The windows of the Masonic Temple, Odd Fellows Hall and B.D.E.O Lodge were shattered. Many glass frames on the walls of the buildings were also smashed and some leather and felt furniture was shredded by flying glass.
At the Congregational Church, in addition to damage to the “Jesus Window,” four memorial windows were shattered that had been installed to celebrate five Benicia pioneers: Mr. and Mrs. George McKay, Harriet Wetmore Jones, Mary June Hunt Tarbox and Walter R. Johnson.
School was cancelled for the remainder of the week and everyone in town went about the business of cleaning up the mess. Throughout the day, Army and Navy personnel brought in tons of plywood for use as temporary window and door coverings. The military also sent hundreds of men to help with the cleanup.
By that evening the theaters, bars and clubs had reopened and Yuba Manufacturing and the Arsenal were back to full production. There was a war on, after all, and no time to linger over disaster. The emergency hospital at St. Dominic’s Church remained open.
The Herald reports despite censorship
The Benicia Herald was published the morning of July 20 and contained the description of the blast and the consequences to the city. The amount of detail in the articles was surprising considering the level of wartime censorship present at the time.
Benicians learned there had been a massive explosion at the Port Chicago Weapons Depot when the Victory Ship “E. A. Bryan” exploded while loaded with 10,000 tons of munitions. They learned that more than 300 persons were killed, and that the Yuba Manufacturing Company suffered $4,500 damage and the Arsenal $150,000. Thousands of citizens and military personnel had been injured, many seriously. The hospitals were still full.
The city of Port Chicago was destroyed, and Martinez took a more severe blow than Benicia. So bad was the damage to the Martinez hospital that ambulances from Oakland were called, and the Oakland and Berkeley hospitals were soon full of injured military personnel and civilians from Port Chicago, Martinez, Crockett, Concord and Walnut Creek. Concord and Walnut Creek had been nearly destroyed, as well.
Wartime censorship descended again. In subsequent editions all news of the explosion and damage was blacked out from The Herald — except for one article in the next edition that announced that citizens could request compensation from the Navy. An address was given.
The aftermath
At the Depot, 320 servicemen were killed and 390 wounded, including the crews of the ships in port. Unexploded ordnance was hurled in all directions, including across the strait toward Benicia.
A month later the surviving black servicemen, many suffering from what was later known to be traumatic brain injury from the blast, refused to load more ships and were convicted of mutiny.

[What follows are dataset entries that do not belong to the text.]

(* Let $g\colon\mathbb X\to\mathbb Y$ be continuous and calm in direction $u\in\mathbb S_{\mathbb X}$ at $\bar x\in\mathbb X$, let $D\subset\mathbb Y$ be closed, let $\Phi(x):=g(x)-D$, and assume $(\bar x,0)\in\operatorname{gph}\Phi$. Let $\{e_1,\dots,e_m\}$ be an orthonormal basis of $\mathbb Y$. Suppose there do not exist a direction $v\in\mathbb Y$ and a nonzero $\lambda\in\mathcal N_D(g(\bar x);v)$ with $0\in D^*g(\bar x;(u,v))(\lambda)$ for which there are sequences $\{x_k\}\subset\mathbb X$ with $x_k\ne\bar x$, $\{z_k\}\subset D$, $\{\lambda_k\}\subset\mathbb Y$, $\{\eta_k\}\subset\mathbb X$ such that $x_k\to\bar x$, $z_k\to g(\bar x)$, $\lambda_k\to\lambda$, $\eta_k\to0$, $(x_k-\bar x)/\|x_k-\bar x\|\to u$, $(z_k-g(\bar x))/\|x_k-\bar x\|\to v$, $(g(x_k)-g(\bar x))/\|x_k-\bar x\|\to v$, and for all $k$ and $i\in\{1,\dots,m\}$: $\eta_k\in\widehat D^*g(x_k)(\lambda_k)$, $\lambda_k\in\widehat{\mathcal N}_D(z_k)$, and $\langle\lambda,e_i\rangle\langle g(x_k)-z_k,e_i\rangle>0$ whenever $\langle\lambda,e_i\rangle\ne0$. Then $\Phi$ is quasi-normal in direction $u$ at $(\bar x,0)$ w.r.t. $\{e_1,\dots,e_m\}$. Moreover, if $g$ is calm at every point of a neighbourhood of $\bar x$ (e.g. Lipschitz continuous near $\bar x$), the two conditions are equivalent.
   Context: $\widehat{\mathcal N}_D$ regular normal cone; $\mathcal N_D(y;v)$ directional limiting normal cone (limits of $\eta_k\in\widehat{\mathcal N}_D(y+t_kv_k)$, $v_k\to v$, $t_k\searrow0$). Regular coderivative $\widehat D^*g(x)(y^* )=\{x^*\mid(x^*,-y^* )\in\widehat{\mathcal N}_{\operatorname{gph}g}(x,g(x))\}$; directional limiting coderivative $D^*g(\bar x;(u,v))(y^* )=\{x^*\mid(x^*,-y^* )\in\mathcal N_{\operatorname{gph}g}((\bar x,g(\bar x));(u,v))\}$; analogously for $\Phi$. $g$ is calm in direction $u$ at $\bar x$ if there are $\varepsilon,\delta,L>0$ with $\|g(x')-g(\bar x)\|\le L\|x'-\bar x\|$ for all $x'\in\bar x+\mathbb B_{\varepsilon,\delta}(u)$, $\mathbb B_{\varepsilon,\delta}(u)=\{v\mid\|\|v\|u-\|u\|v\|\le\delta\|u\|\|v\|,\ \|v\|\le\varepsilon\}$; calm at $x$ means $\|g(x')-g(x)\|\le L\|x'-x\|$ for $x'$ near $x$. Quasi-normality in direction $u$ at $(\bar x,\bar y)$ w.r.t. $\{e_i\}$: there is no nonzero $\lambda$ with $0\in D^*\Phi((\bar x,\bar y);(u,0))(\lambda)$ for which there exist $\{(x_k,y_k)\}\subset\operatorname{gph}\Phi$ with $x_k\ne\bar x$, $\{\lambda_k\}$, $\{\eta_k\}$ with $x_k\to\bar x$, $y_k\to\bar y$, $\lambda_k\to\lambda$, $\eta_k\to0$, $(x_k-\bar x)/\|x_k-\bar x\|\to u$, $(y_k-\bar y)/\|x_k-\bar x\|\to0$, $\eta_k\in\widehat D^*\Phi(x_k,y_k)(\lambda_k)$, and $\langle\lambda,e_i\rangle\langle y_k-\bar y,e_i\rangle>0$ whenever $\langle\lambda,e_i\rangle\ne0$. *)

theory Defs
  imports "HOL-Analysis.Analysis"
begin

definition reg_normal_cone :: "'a::euclidean_space set \<Rightarrow> 'a \<Rightarrow> 'a set" where
  "reg_normal_cone D y =
     (if y \<in> D then {eta. \<forall>e>0. \<exists>d>0. \<forall>y'\<in>D. norm (y' - y) < d \<longrightarrow>
                         inner eta (y' - y) \<le> e * norm (y' - y)}
      else {})"

definition dir_normal_cone :: "'a::euclidean_space set \<Rightarrow> 'a \<Rightarrow> 'a \<Rightarrow> 'a set" where
  "dir_normal_cone D y v = {eta. \<exists>t vs etas.
      (\<forall>k. t k > 0) \<and> t \<longlonglongrightarrow> 0 \<and> vs \<longlonglongrightarrow> v \<and> etas \<longlonglongrightarrow> eta \<and>
      (\<forall>k. etas k \<in> reg_normal_cone D (y + t k *\<^sub>R vs k))}"

definition graph_fun :: "('a \<Rightarrow> 'b) \<Rightarrow> ('a \<times> 'b) set" where
  "graph_fun g = {(x, g x) | x. True}"

definition graph_mult :: "('a \<Rightarrow> 'b set) \<Rightarrow> ('a \<times> 'b) set" where
  "graph_mult Phi = {(x, y). y \<in> Phi x}"

definition reg_coderiv :: "('a::euclidean_space \<Rightarrow> 'b::euclidean_space) \<Rightarrow> 'a \<Rightarrow> 'b \<Rightarrow> 'a set" where
  "reg_coderiv g x ystar = {xstar. (xstar, - ystar) \<in> reg_normal_cone (graph_fun g) (x, g x)}"

definition dir_coderiv :: "('a::euclidean_space \<Rightarrow> 'b::euclidean_space) \<Rightarrow> 'a \<Rightarrow> 'a \<Rightarrow> 'b \<Rightarrow> 'b \<Rightarrow> 'a set" where
  "dir_coderiv g x u v ystar =
     {xstar. (xstar, - ystar) \<in> dir_normal_cone (graph_fun g) (x, g x) (u, v)}"

definition reg_coderiv_m :: "('a::euclidean_space \<Rightarrow> 'b::euclidean_space set) \<Rightarrow> 'a \<Rightarrow> 'b \<Rightarrow> 'b \<Rightarrow> 'a set" where
  "reg_coderiv_m Phi x y ystar = {xstar. (xstar, - ystar) \<in> reg_normal_cone (graph_mult Phi) (x, y)}"

definition dir_coderiv_m :: "('a::euclidean_space \<Rightarrow> 'b::euclidean_space set) \<Rightarrow> 'a \<Rightarrow> 'b \<Rightarrow> 'a \<Rightarrow> 'b \<Rightarrow> 'b \<Rightarrow> 'a set" where
  "dir_coderiv_m Phi x y u v ystar =
     {xstar. (xstar, - ystar) \<in> dir_normal_cone (graph_mult Phi) (x, y) (u, v)}"

definition dir_nbhd :: "real \<Rightarrow> real \<Rightarrow> 'a::real_normed_vector \<Rightarrow> 'a set" where
  "dir_nbhd eps delta u = {v. norm (norm v *\<^sub>R u - norm u *\<^sub>R v) \<le> delta * norm u * norm v \<and> norm v \<le> eps}"

definition calm_in_dir :: "('a::real_normed_vector \<Rightarrow> 'b::real_normed_vector) \<Rightarrow> 'a \<Rightarrow> 'a \<Rightarrow> bool" where
  "calm_in_dir g xb u \<longleftrightarrow> (\<exists>eps>0. \<exists>delta>0. \<exists>L>0. \<forall>w\<in>dir_nbhd eps delta u.
       norm (g (xb + w) - g xb) \<le> L * norm w)"

definition calm_at :: "('a::real_normed_vector \<Rightarrow> 'b::real_normed_vector) \<Rightarrow> 'a \<Rightarrow> bool" where
  "calm_at g x \<longleftrightarrow> (\<exists>r>0. \<exists>L>0. \<forall>x'. norm (x' - x) < r \<longrightarrow> norm (g x' - g x) \<le> L * norm (x' - x))"

definition orthonormal_basis :: "'b::euclidean_space set \<Rightarrow> bool" where
  "orthonormal_basis E \<longleftrightarrow> finite E \<and> (\<forall>e\<in>E. norm e = 1) \<and>
     (\<forall>e\<in>E. \<forall>e'\<in>E. e \<noteq> e' \<longrightarrow> inner e e' = 0) \<and> span E = UNIV"

definition quasi_normal_dir ::
  "('a::euclidean_space \<Rightarrow> 'b::euclidean_space set) \<Rightarrow> 'a \<Rightarrow> 'b \<Rightarrow> 'a \<Rightarrow> 'b set \<Rightarrow> bool" where
  "quasi_normal_dir Phi xb yb u E \<longleftrightarrow>
     \<not> (\<exists>lam. lam \<noteq> 0 \<and> 0 \<in> dir_coderiv_m Phi xb yb u 0 lam \<and>
        (\<exists>x y lams etas.
           (\<forall>k. (x k, y k) \<in> graph_mult Phi \<and> x k \<noteq> xb) \<and>
           x \<longlonglongrightarrow> xb \<and> y \<longlonglongrightarrow> yb \<and> lams \<longlonglongrightarrow> lam \<and> etas \<longlonglongrightarrow> 0 \<and>
           (\<lambda>k. (1 / norm (x k - xb)) *\<^sub>R (x k - xb)) \<longlonglongrightarrow> u \<and>
           (\<lambda>k. (1 / norm (x k - xb)) *\<^sub>R (y k - yb)) \<longlonglongrightarrow> 0 \<and>
           (\<forall>k. etas k \<in> reg_coderiv_m Phi (x k) (y k) (lams k)) \<and>
           (\<forall>k. \<forall>e\<in>E. inner lam e \<noteq> 0 \<longrightarrow> inner lam e * inner (y k - yb) e > 0)))"

end

theory Submission
  imports Defs
begin

text \<open>The graph of \<open>\<Phi> = g - D\<close> is the image of \<open>gph g \<times> D\<close> under \<open>((a, b), d) \<mapsto> (a, b - d)\<close>.
  A regular normal \<open>(\<eta>, -\<lambda>)\<close> to \<open>gph \<Phi>\<close> at \<open>(x, g x - z)\<close> therefore always yields a regular
  normal \<open>\<lambda>\<close> to \<open>D\<close> at \<open>z\<close> and \<open>\<eta>\<close> in the regular coderivative of \<open>g\<close> at \<open>x\<close>; conversely these
  combine to a regular normal to \<open>gph \<Phi>\<close> whenever \<open>g\<close> is calm at \<open>x\<close>, since calmness lets nearby
  points of \<open>gph \<Phi>\<close> be lifted to \<open>gph g \<times> D\<close> at comparable distance.
  So the sequences violating quasi-normality of \<open>\<Phi>\<close> and the sequences of the theorem correspond
  via \<open>z\<^sub>k = g x\<^sub>k - y\<^sub>k\<close>; the only missing datum, the direction \<open>v\<close>, is a limit point of the
  difference quotients of \<open>g\<close> along \<open>x\<^sub>k\<close>, which are bounded by calmness of \<open>g\<close> in direction \<open>u\<close>.
  The limiting normal cone and coderivative conditions are consequences of the sequences themselves.\<close>

lemma mem_reg_normal_cone_iff:
  "eta \<in> reg_normal_cone D y \<longleftrightarrow> y \<in> D \<and>
     (\<forall>e>0. \<exists>d>0. \<forall>y'\<in>D. norm (y' - y) < d \<longrightarrow> inner eta (y' - y) \<le> e * norm (y' - y))"
  by (simp add: reg_normal_cone_def)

The Port Chicago mutiny would later be seen as another step toward racial desegregation of the Armed Services.
Recovery and legacy
Benicia recovered and went on with the business of supporting the war effort. The churches rebuilt their windows and the city repaired itself. Rev. Elmo Wood of the Congregational Church and others carried the scars of that night for the rest of their lives. In 1946 the church received a check for $164 to cover the costs of damage to the windows, but only two could be repaired. In the end, some of the cracks were deliberately left as a reminder of that night, but the explanations behind them were lost as the war generation died and subsequent generations built a new church and sold off the old one.
The two windows transferred to the new sanctuary remain a mute reminder of the need for preparation, a terrible disaster and a heroic city response.
Dr. Jim Lessenger is a docent at the Benicia Historical Museum and the author, most recently, of “Commanding Officer’s Quarters of the Benicia Arsenal.”